SDM adopted and combined various positive features from previous methods, such as ALE or MKDA, and introduced a series of improvements and novel features. One of the new features, introduced to avoid positive and negative findings in the same voxel as seen in previous methods, was the representation of both positive differences and negative differences in the same map, thus obtaining a signed differential map. Another relevant feature, introduced in version 2.11, was the use of effect sizes, which allows combination of reported peak coordinates with statistical parametric maps, thus allowing more exhaustive and accurate meta-analyses. The method has three steps. First, coordinates of cluster peaks, and statistical maps if available, are selected according to SDM inclusion criteria. Second, coordinates are used to recreate statistical maps, and effect-sizes maps and their variances are derived from t-statistics. Finally, individual study maps are meta-analyzed using different tests to complement the main outcome with sensitivity and heterogeneity analyses.
Inclusion criteria
It is not uncommon in neuroimaging studies that some regions are more liberally thresholded than the rest of the brain. However, a meta-analysis of studies with such intra-study regional differences in thresholds would be biased towards these regions, as they are more likely to be reported just because authors apply more liberal thresholds in them. In order to overcome this issue SDM introduced a criterion in the selection of the coordinates: while different studies may employ different thresholds, you should ensure that the same threshold throughout the whole brain was used within each included study.
Pre-processing of studies
After conversion of statistical parametric maps and peak coordinates to Talairach space, an SDM map is created for each study within a specific gray or white matter template. Pre-processing of statistical parametric maps is straightforward, while pre-processing of reported peak coordinates requires recreating the clusters of difference by means of an un-normalized Gaussian Kernel, so that voxels closer to the peak coordinate have higher values. A rather large full-width at half-maximum of 20mm is used to account for different sources of spatial error, e.g. coregistration mismatch in the studies, the size of the cluster or the location of the peak within the cluster. Within a study, values obtained by close Gaussian kernels are summed, though values are combined by square-distance-weighted averaging.
Statistical comparisons
SDM provides several different statistical analyses in order to complement the main outcome with sensitivity and heterogeneity analyses.

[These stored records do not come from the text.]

(* Let $G$ be a finite, simple, connected graph with $\dim_{wt}(G)=2$ and let $\{u,v\}$ be a weak total metric basis of $G$. Then: (1) there is a unique geodesic (shortest path) $P$ between $u$ and $v$; (2) every neighbor of $u$ and every neighbor of $v$ has degree at most three; (3) every vertex of $P$ other than $u$, $v$ and their neighbors has degree at most five; (4) the maximum degree of $G$ is at most eight; (5) for each $w\in\{u,v\}$ and each $z\in N(w)$, every $r\in N(z)$ satisfies $r\not\sim w$.
   Context: $d(x,y)$ is the shortest-path distance, $N(x)$ the set of neighbors of $x$, and $x\sim y$ denotes adjacency. A set $W\subseteq V(G)$ is a resolving set if for every two distinct vertices $y,z$ there is $x\in W$ with $d(y,x)\ne d(z,x)$. A set $W$ is a weak total resolving set (WTR-set) if $W$ is resolving and, for every $w\in W$ and every $x\in V(G)\setminus W$, there is $w'\in W\setminus\{w\}$ with $d(x,w')\ne d(w,w')$. $\dim_{wt}(G)$ is the minimum cardinality of a WTR-set, and a weak total metric basis is a WTR-set of that cardinality. *)

theory Defs
  imports Main
begin

definition simple_graph :: "'a set \<Rightarrow> ('a \<Rightarrow> 'a \<Rightarrow> bool) \<Rightarrow> bool" where
  "simple_graph V E \<longleftrightarrow> finite V \<and> (\<forall>x y. E x y \<longrightarrow> x \<in> V \<and> y \<in> V)
     \<and> (\<forall>x y. E x y \<longrightarrow> E y x) \<and> (\<forall>x. \<not> E x x)"

text \<open>A walk is a nonempty list of vertices of V, consecutive ones adjacent;
its length (number of edges) is length p - 1.\<close>

definition is_walk :: "'a set \<Rightarrow> ('a \<Rightarrow> 'a \<Rightarrow> bool) \<Rightarrow> 'a list \<Rightarrow> bool" where
  "is_walk V E p \<longleftrightarrow> p \<noteq> [] \<and> set p \<subseteq> V \<and> (\<forall>i. Suc i < length p \<longrightarrow> E (p ! i) (p ! Suc i))"

definition walk_between :: "'a set \<Rightarrow> ('a \<Rightarrow> 'a \<Rightarrow> bool) \<Rightarrow> 'a \<Rightarrow> 'a \<Rightarrow> 'a list \<Rightarrow> bool" where
  "walk_between V E x y p \<longleftrightarrow> is_walk V E p \<and> hd p = x \<and> last p = y"

definition connected_graph :: "'a set \<Rightarrow> ('a \<Rightarrow> 'a \<Rightarrow> bool) \<Rightarrow> bool" where
  "connected_graph V E \<longleftrightarrow> V \<noteq> {} \<and> (\<forall>x\<in>V. \<forall>y\<in>V. \<exists>p. walk_between V E x y p)"

text \<open>Shortest-path distance (meaningful for connected graphs).\<close>

definition dist :: "'a set \<Rightarrow> ('a \<Rightarrow> 'a \<Rightarrow> bool) \<Rightarrow> 'a \<Rightarrow> 'a \<Rightarrow> nat" where
  "dist V E x y = (LEAST n. \<exists>p. walk_between V E x y p \<and> length p = Suc n)"

definition is_geodesic :: "'a set \<Rightarrow> ('a \<Rightarrow> 'a \<Rightarrow> bool) \<Rightarrow> 'a \<Rightarrow> 'a \<Rightarrow> 'a list \<Rightarrow> bool" where
  "is_geodesic V E x y p \<longleftrightarrow> walk_between V E x y p \<and> length p = Suc (dist V E x y)"

definition degree :: "'a set \<Rightarrow> ('a \<Rightarrow> 'a \<Rightarrow> bool) \<Rightarrow> 'a \<Rightarrow> nat" where
  "degree V E x = card {y \<in> V. E x y}"

definition resolving_set :: "'a set \<Rightarrow> ('a \<Rightarrow> 'a \<Rightarrow> bool) \<Rightarrow> 'a set \<Rightarrow> bool" where
  "resolving_set V E W \<longleftrightarrow> W \<subseteq> V \<and>
     (\<forall>y\<in>V. \<forall>z\<in>V. y \<noteq> z \<longrightarrow> (\<exists>x\<in>W. dist V E y x \<noteq> dist V E z x))"

definition wtr_set :: "'a set \<Rightarrow> ('a \<Rightarrow> 'a \<Rightarrow> bool) \<Rightarrow> 'a set \<Rightarrow> bool" where
  "wtr_set V E W \<longleftrightarrow> resolving_set V E W \<and>
     (\<forall>w\<in>W. \<forall>x\<in>V - W. \<exists>w'\<in>W - {w}. dist V E x w' \<noteq> dist V E w w')"

definition dim_wt :: "'a set \<Rightarrow> ('a \<Rightarrow> 'a \<Rightarrow> bool) \<Rightarrow> nat" where
  "dim_wt V E = (LEAST k. \<exists>W. wtr_set V E W \<and> card W = k)"

definition wt_metric_basis :: "'a set \<Rightarrow> ('a \<Rightarrow> 'a \<Rightarrow> bool) \<Rightarrow> 'a set \<Rightarrow> bool" where
  "wt_metric_basis V E W \<longleftrightarrow> wtr_set V E W \<and> card W = dim_wt V E"

end

theory Submission
  imports Defs
begin

text \<open>Every vertex is determined by its metric representation (d(x,u), d(x,v)), and
along an edge each coordinate changes by at most one. So the representations of the
neighbours of x are distinct points of the 3 \<times> 3 box around that of x, other than its
centre: this gives degree at most 8. On a u-v geodesic the two coordinates sum to
d(u,v), which is their minimum, so only the 5 points of the box with coordinate sum
at least d(u,v) remain; for the same reason two geodesics agree vertex by vertex.
The weak total condition says that no vertex other than u shares its distance to v
with u. Two adjacent neighbours of u would then have distinct distances to v, both
different from d(u,v) but within one of it and of each other, which is impossible;
hence u lies on no triangle, every neighbour of a neighbour of u other than u is at
distance 2 from u, and only 2 + 1 representations are available.\<close>

locale connected_simple_graph =
  fixes V :: "'a set" and E :: "'a \<Rightarrow> 'a \<Rightarrow> bool"
  assumes simple: "simple_graph V E" and connected: "connected_graph V E"
begin

lemma adj_in_V: "E x y \<Longrightarrow> x \<in> V \<and> y \<in> V"
  using simple unfolding simple_graph_def by blast

lemma adj_sym: "E x y \<Longrightarrow> E y x"
  using simple unfolding simple_graph_def by blast

lemma adj_irrefl: "\<not> E x x"
  using simple unfolding simple_graph_def by blast

lemma is_walk_rev:
  assumes "is_walk V E p"
  shows "is_walk V E (rev p)"
  unfolding is_walk_def
proof (intro conjI allI impI)
  show "rev p \<noteq> []" "set (rev p) \<subseteq> V"
    using assms unfolding is_walk_def by auto
  fix i assume i: "Suc i < length (rev p)"
  then have "E (p ! (length p - Suc (Suc i))) (p ! Suc (length p - Suc (Suc i)))"
    using assms unfolding is_walk_def by auto
  moreover have "Suc (length p - Suc (Suc i)) = length p - Suc i"
    using i by simp
  ultimately show "E (rev p ! i) (rev p ! Suc i)"
    using i adj_sym by (simp add: rev_nth)
qed

lemma is_walk_ConsI:
  assumes "is_walk V E p" "E a (hd p)"
  shows "is_walk V E (a # p)"
  unfolding is_walk_def
proof (intro conjI allI impI)
  show "a # p \<noteq> []" by simp
  show "set (a # p) \<subseteq> V"
    using assms adj_in_V unfolding is_walk_def by auto
  fix i assume "Suc i < length (a # p)"
  then show "E ((a # p) ! i) ((a # p) ! Suc i)"
    using assms unfolding is_walk_def by (cases i) (auto simp: hd_conv_nth)
qed

lemma is_walk_ConsD:
  assumes "is_walk V E (a # p)" "p \<noteq> []"
  shows "is_walk V E p \<and> E a (hd p)"
proof
  show "is_walk V E p"
    unfolding is_walk_def
  proof (intro conjI allI impI)
    show "p \<noteq> []" "set p \<subseteq> V"
      using assms unfolding is_walk_def by auto
    fix i assume "Suc i < length p"
    then show "E (p ! i) (p ! Suc i)"
      using assms(1) unfolding is_walk_def by (metis Suc_less_eq length_Cons nth_Cons_Suc)
  qed
  show "E a (hd p)"
    using assms unfolding is_walk_def by (auto simp: hd_conv_nth)
qed

lemma dist_le_walk_length:
  assumes "walk_between V E x y p"
  shows "dist V E x y \<le> length p - 1"
proof -
  have "length p = Suc (length p - 1)"
    using assms unfolding walk_between_def is_walk_def by simp
  then show ?thesis
    unfolding dist_def using assms by (metis (mono_tags, lifting) Least_le)
qed

lemma shortest_walk_exists:
  assumes "x \<in> V" "y \<in> V"
  shows "\<exists>p. walk_between V E x y p \<and> length p = Suc (dist V E x y)"
proof -
  obtain p where p: "walk_between V E x y p"
    using connected assms unfolding connected_graph_def by blast
  then have "length p = Suc (length p - 1)"
    unfolding walk_between_def is_walk_def by simp
  then have "\<exists>n p. walk_between V E x y p \<and> length p = Suc n"
    using p by blast
  then show ?thesis
    unfolding dist_def by (rule LeastI_ex)
qed

lemma dist_commute:
  assumes "x \<in> V" "y \<in> V"
  shows "dist V E x y = dist V E y x"
proof -
  have "dist V E y x \<le> dist V E x y" if xy: "x \<in> V" "y \<in> V" for x y
  proof -
    obtain p where p: "walk_between V E x y p" "length p = Suc (dist V E x y)"
      using shortest_walk_exists xy by blast
    then have "walk_between V E y x (rev p)"
      using is_walk_rev unfolding walk_between_def is_walk_def
      by (simp add: hd_rev last_rev)
    then show ?thesis
      using dist_le_walk_length p by fastforce
  qed
  then show ?thesis
    using assms by (meson antisym)
qed

lemma dist_adj_le:
  assumes "E x y" "z \<in> V"
  shows "dist V E x z \<le> Suc (dist V E y z)"
proof -
  obtain p where p: "walk_between V E y z p" "length p = Suc (dist V E y z)"
    using shortest_walk_exists assms adj_in_V by blast
  then have "walk_between V E x z (x # p)"
    using is_walk_ConsI[of p x] assms unfolding walk_between_def
    by (metis list.sel(1) last_ConsR is_walk_def)
  then show ?thesis
    using dist_le_walk_length p by fastforce
qed

lemma dist_adj_cases:
  assumes "E x y" "z \<in> V"
  shows "dist V E y z \<in> {dist V E x z - 1, dist V E x z, dist V E x z + 1}"
  using dist_adj_le[OF assms] dist_adj_le[OF adj_sym[OF assms(1)] assms(2)] by auto

lemma dist_hd_le_walk:
  "is_walk V E p \<Longrightarrow> z \<in> V \<Longrightarrow> dist V E (hd p) z \<le> (length p - 1) + dist V E (last p) z"
proof (induction p)
  case Nil
  then show ?case by (simp add: is_walk_def)
next
  case (Cons a p)
  show ?case
  proof (cases "p = []")
    case True
    then show ?thesis by simp
  next
    case False
    then have p: "is_walk V E p" "E a (hd p)"
      using is_walk_ConsD Cons.prems by auto
    have "dist V E a z \<le> Suc (dist V E (hd p) z)"
      using dist_adj_le p Cons.prems by blast
    also have "\<dots> \<le> Suc ((length p - 1) + dist V E (last p) z)"
      using Cons p by simp
    finally show ?thesis
      using False by (cases p) auto
  qed
qed

lemma dist_triangle:
  assumes "x \<in> V" "y \<in> V" "z \<in> V"
  shows "dist V E x z \<le> dist V E x y + dist V E y z"
proof -
  obtain p where "walk_between V E x y p" "length p = Suc (dist V E x y)"
    using shortest_walk_exists assms by blast
  then show ?thesis
    using dist_hd_le_walk[of p z] assms unfolding walk_between_def by auto
qed

lemma dist_eq_0_iff:
  assumes "x \<in> V" "y \<in> V"
  shows "dist V E x y = 0 \<longleftrightarrow> x = y"
proof
  assume "dist V E x y = 0"
  then obtain p where p: "walk_between V E x y p" "length p = 1"
    using shortest_walk_exists assms by fastforce
  then obtain a where "p = [a]"
    by (metis One_nat_def length_0_conv length_Suc_conv)
  then show "x = y"
    using p unfolding walk_between_def by auto
next
  assume "x = y"
  then show "dist V E x y = 0"
    using assms dist_le_walk_length[of x x "[x]"] unfolding walk_between_def is_walk_def by auto
qed

lemma dist_eq_1_iff:
  assumes "x \<in> V" "y \<in> V"
  shows "dist V E x y = 1 \<longleftrightarrow> E x y"
proof
  assume "dist V E x y = 1"
  then obtain p where p: "walk_between V E x y p" "length p = 2"
    using shortest_walk_exists assms by fastforce
  then obtain a b where "p = [a, b]"
    by (metis One_nat_def Suc_1 length_0_conv length_Suc_conv)
  then show "E x y"
    using p unfolding walk_between_def is_walk_def by force
next
  assume xy: "E x y"
  then have "walk_between V E x y [x, y]"
    using assms unfolding walk_between_def is_walk_def by (auto simp: less_Suc_eq)
  then have "dist V E x y \<le> 1"
    using dist_le_walk_length by fastforce
  moreover have "x \<noteq> y"
    using xy adj_irrefl by blast
  ultimately show "dist V E x y = 1"
    using dist_eq_0_iff[OF assms] by simp
qed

Subgroup analyses are mean analyses applied to groups of studies to allow the study of heterogeneity.
Linear model analyses are a generalization of the mean analysis to allow comparisons between groups and the study of possible confounds. A low variability of the regressor is critical in meta-regressions, so they are recommended to be understood as exploratory and to be more conservatively thresholded.
Jack-knife analysis consists in repeating a test as many times as studies have been included, discarding one different study each time, i.e. removing one study and repeating the analyses, then putting that study back and removing another study and repeating the analysis, and so on. The idea is that if a significant brain region remains significant in all or most of the combinations of studies it can be concluded that this finding is highly replicable.
The statistical significance of the analyses is checked by standard randomization tests. It is recommended to use uncorrected p-values = 0.005, as this significance has been found in this method to be approximately equivalent to a corrected p-value = 0.05. A false discovery rate = 0.05 has been found in this method to be too conservative. Values in a Talairach label or coordinate can also be extracted for further processing or graphical presentation.
SDM software
SDM is software written by the SDM project to aid the meta-analysis of voxel-based neuroimaging data. It is distributed as freeware including a graphical interface and a menu/command-line console. It can also be integrated as an SPM extension.